Gli acquirenti possono anche ricercare e mettere in discussione i singoli marchi che già apprezzano. "Quasi tutte le aziende di qualsiasi dimensione hanno rapporti di sostenibilità, sezioni di sostenibilità nei loro siti Web e puoi effettivamente dire rapidamente... è sincero, stanno parlando di molti problemi?" consiglia Kibbey, citando quello di Kering come esempio positivo. "Basta con parole che hanno effettivamente degli standard dietro di loro, come biologico, riciclato, commercio equo - tutti in realtà significano qualcosa - ma parole come sostenibile ed ecologico, su un prodotto, non lo fanno." 
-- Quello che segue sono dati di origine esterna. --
(* Let $m\ge1$ and $0\le r\le m(q-1)$, written $r=t(q-1)+s$ with $t\ge0$, $0\le s<q-1$, and let $1\le b\le q^m$. Then $RM_q(r,m)$ is a $b$-symbol MDS code if and only if either (a) $b\ge q^m-(q-s)q^{m-t-1}+1$, or (b) $RM_q(r,m)$ is a $1$-symbol MDS code (i.e., MDS in the Hamming metric).
   Context: Fix an enumeration $\mathbb{F}_q=\{\alpha_1=0,\alpha_2,\dots,\alpha_q\}$, order $\mathbb{F}_q$ by $\alpha_1<\dots<\alpha_q$, and order $\mathbb{F}_q^m$ lexicographically as $P_1<\dots<P_{q^m}$. $RM_q(r,m)=\{(f(P_1),\dots,f(P_{q^m})) : f\in\mathbb{F}_q[X_1,\dots,X_m],\ \deg f\le r\}$. For $\mathbf{x}\in\mathbb{F}_q^L$, $\chi_b(\mathbf{x})=\{i:(x_i,\dots,x_{i+b-1})\ne\mathbf{0}\}$ (indices mod $L$), $w_b(\mathbf{x})=|\chi_b(\mathbf{x})|$, $d_b(C)=\min_{\mathbf{0}\ne\mathbf{c}\in C}w_b(\mathbf{c})$. An $[n,k]_q$-linear code $C$ is a $b$-symbol MDS code if $d_b(C)=\min\{n-k+b,n\}$. *)

theory Defs
  imports "HOL-Analysis.Analysis" "HOL-Library.Function_Algebras"
begin

text \<open>Vectors of length L over a field are functions nat => 'a (coordinates 0..L-1,
  zero outside). Scalar multiplication for the F_q-vector space of such functions.\<close>
definition fscale :: "'a::field \<Rightarrow> (nat \<Rightarrow> 'a) \<Rightarrow> (nat \<Rightarrow> 'a)" where
  "fscale c x = (\<lambda>i. c * x i)"

definition code_dim :: "(nat \<Rightarrow> 'a::field) set \<Rightarrow> nat" where
  "code_dim C = vector_space.dim fscale C"

definition chi_b :: "nat \<Rightarrow> nat \<Rightarrow> (nat \<Rightarrow> 'a::zero) \<Rightarrow> nat set" where
  "chi_b b L x = {i. i < L \<and> (\<exists>j<b. x ((i + j) mod L) \<noteq> 0)}"

definition w_b :: "nat \<Rightarrow> nat \<Rightarrow> (nat \<Rightarrow> 'a::zero) \<Rightarrow> nat" where
  "w_b b L x = card (chi_b b L x)"

definition d_b :: "nat \<Rightarrow> nat \<Rightarrow> (nat \<Rightarrow> 'a::zero) set \<Rightarrow> nat" where
  "d_b b L C = Min {w_b b L c | c. c \<in> C \<and> (\<exists>i<L. c i \<noteq> 0)}"

definition b_symbol_MDS :: "nat \<Rightarrow> nat \<Rightarrow> (nat \<Rightarrow> 'a::field) set \<Rightarrow> bool" where
  "b_symbol_MDS b L C \<longleftrightarrow> d_b b L C = min (L - code_dim C + b) L"

definition exps :: "nat \<Rightarrow> nat \<Rightarrow> (nat \<Rightarrow> nat) set" where
  "exps m r = {e. (\<forall>i\<ge>m. e i = 0) \<and> (\<Sum>i<m. e i) \<le> r}"

definition peval :: "nat \<Rightarrow> nat \<Rightarrow> ((nat \<Rightarrow> nat) \<Rightarrow> 'a::comm_ring_1) \<Rightarrow> (nat \<Rightarrow> 'a) \<Rightarrow> 'a" where
  "peval m r c x = (\<Sum>e\<in>exps m r. c e * (\<Prod>i<m. x i ^ e i))"

text \<open>The j-th point (0-based) of F_q^m in lexicographic order induced by the enumeration
  alpha of F_q (alpha 0 < alpha 1 < ... < alpha (q-1)); coordinate 0 is most significant.\<close>
definition lex_point :: "(nat \<Rightarrow> 'a::zero) \<Rightarrow> nat \<Rightarrow> nat \<Rightarrow> nat \<Rightarrow> nat \<Rightarrow> 'a" where
  "lex_point alpha q m j i = (if i < m then alpha ((j div q ^ (m - 1 - i)) mod q) else 0)"

definition RM :: "(nat \<Rightarrow> 'a::{field,finite}) \<Rightarrow> nat \<Rightarrow> nat \<Rightarrow> (nat \<Rightarrow> 'a) set" where
  "RM alpha r m = {(\<lambda>j. if j < CARD('a) ^ m
                        then peval m r c (lex_point alpha CARD('a) m j) else 0) | c. True}"

end

theory Submission
  imports Defs "HOL-Computational_Algebra.Polynomial"
begin

text \<open>Write \<open>r = t (q - 1) + s\<close> and \<open>d = (q - s) q\<^sup>m\<^sup>-\<^sup>t\<^sup>-\<^sup>1\<close>. Every nonzero codeword of
  \<open>RM\<^sub>q(r, m)\<close> has Hamming weight at least \<open>d\<close> (induction on \<open>m\<close>, expanding a polynomial
  in its last variable), and the evaluation of
  \<open>\<Prod>\<^sub>i\<^sub><\<^sub>t (1 - x\<^sub>i\<^sup>q\<^sup>-\<^sup>1) \<Prod>\<^sub>u\<^sub><\<^sub>s (x\<^sub>t - \<alpha>\<^sub>q\<^sub>-\<^sub>1\<^sub>-\<^sub>u)\<close> attains it with support exactly
  the first \<open>d\<close> positions in lexicographic order.

  For any linear code of length \<open>n\<close> whose minimum weight \<open>d\<close> is attained by a word supported
  on an initial segment, that word has \<open>b\<close>-symbol weight \<open>min (d + b - 1) n\<close>, which is
  also a lower bound for every nonzero codeword, so \<open>d\<^sub>b = min (d + b - 1) n\<close>. Against the
  \<open>b\<close>-symbol Singleton bound \<open>min (n - k + b) n\<close> this is an equality iff
  \<open>d + b - 1 \<ge> n\<close>, which is condition (a), or \<open>d = n - k + 1\<close>, i.e. the code is MDS.\<close>

interpretation fs: vector_space "fscale :: 'a::field \<Rightarrow> (nat \<Rightarrow> 'a) \<Rightarrow> _"
  by unfold_locales (auto simp: fscale_def fun_eq_iff algebra_simps)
Britt Cosgrove e Marina Polo sono i fondatori e designer del piccolo marchio di abbigliamento femminile Svilu con sede a New York e hanno cercato la trasparenza e un impatto ambientale ridotto sin dal loro lancio. "Cerchiamo di porre quante più domande possibili", afferma Cosgrove, spiegando che si concentrano sulla ricerca materiali certificati e atossici anche se il loro acquirente è più interessato al design di qualità che qualunque altra cosa. "Fino a quando tutti possono avere lo stesso cartellino su ogni capo di abbigliamento in tutto il mondo e dire: 'Oh, guardo questo numero ed è [per esempio] il numero 37 di Higgs e questo significa qualcosa per me, è difficile parlarne", ha dice.

Se sei un consumatore che si preoccupa della terra e delle condizioni di lavoro, spetta a te far valere il tuo potere d'acquisto. "In un'economia della domanda e dell'offerta, la domanda ha il maggior potere", afferma Manning. "C'è una responsabilità lì che non abbiamo ancora toccato come comunità... La vecchia idea del consumismo per cui potevi semplicemente comprare qualcosa e andartene via senza pensarci, credo, sia morta".